Records to process Block Start

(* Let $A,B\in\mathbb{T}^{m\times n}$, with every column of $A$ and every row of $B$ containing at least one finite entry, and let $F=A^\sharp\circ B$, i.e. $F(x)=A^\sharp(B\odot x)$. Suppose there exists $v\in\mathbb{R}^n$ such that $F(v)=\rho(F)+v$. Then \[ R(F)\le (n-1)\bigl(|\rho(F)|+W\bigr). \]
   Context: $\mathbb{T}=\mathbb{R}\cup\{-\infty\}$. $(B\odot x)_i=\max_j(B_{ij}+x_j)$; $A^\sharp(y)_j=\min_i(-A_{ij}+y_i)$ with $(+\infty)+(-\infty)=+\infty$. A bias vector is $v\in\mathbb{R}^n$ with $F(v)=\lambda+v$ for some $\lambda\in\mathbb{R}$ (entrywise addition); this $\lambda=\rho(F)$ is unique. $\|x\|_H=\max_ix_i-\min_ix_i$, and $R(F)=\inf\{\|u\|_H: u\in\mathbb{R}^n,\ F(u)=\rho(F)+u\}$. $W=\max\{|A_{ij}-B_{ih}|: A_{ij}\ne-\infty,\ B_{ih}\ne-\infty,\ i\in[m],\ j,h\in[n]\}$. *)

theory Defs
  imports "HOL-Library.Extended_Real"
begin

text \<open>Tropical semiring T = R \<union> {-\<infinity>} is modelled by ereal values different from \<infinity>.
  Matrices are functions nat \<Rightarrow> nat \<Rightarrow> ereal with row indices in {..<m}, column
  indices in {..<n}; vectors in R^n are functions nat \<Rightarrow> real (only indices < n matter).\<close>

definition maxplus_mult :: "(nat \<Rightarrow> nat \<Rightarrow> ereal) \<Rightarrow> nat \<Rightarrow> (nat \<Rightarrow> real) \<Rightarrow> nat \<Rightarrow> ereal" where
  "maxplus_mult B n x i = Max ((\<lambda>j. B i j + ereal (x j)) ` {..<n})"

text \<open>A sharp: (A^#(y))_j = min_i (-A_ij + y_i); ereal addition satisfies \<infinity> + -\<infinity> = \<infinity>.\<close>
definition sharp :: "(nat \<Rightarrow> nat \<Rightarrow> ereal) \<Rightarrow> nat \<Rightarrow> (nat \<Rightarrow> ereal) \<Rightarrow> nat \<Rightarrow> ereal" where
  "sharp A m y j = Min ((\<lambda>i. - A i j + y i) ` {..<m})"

Records to process Block End

### Problem statement:
Retype, exactly as shown, the lines from the one with "Max ((\<lambda>j. B" through the end of the records.

### Task answer:
  "maxplus_mult B n x i = Max ((\<lambda>j. B i j + ereal (x j)) ` {..<n})"

text \<open>A sharp: (A^#(y))_j = min_i (-A_ij + y_i); ereal addition satisfies \<infinity> + -\<infinity> = \<infinity>.\<close>
definition sharp :: "(nat \<Rightarrow> nat \<Rightarrow> ereal) \<Rightarrow> nat \<Rightarrow> (nat \<Rightarrow> ereal) \<Rightarrow> nat \<Rightarrow> ereal" where
  "sharp A m y j = Min ((\<lambda>i. - A i j + y i) ` {..<m})"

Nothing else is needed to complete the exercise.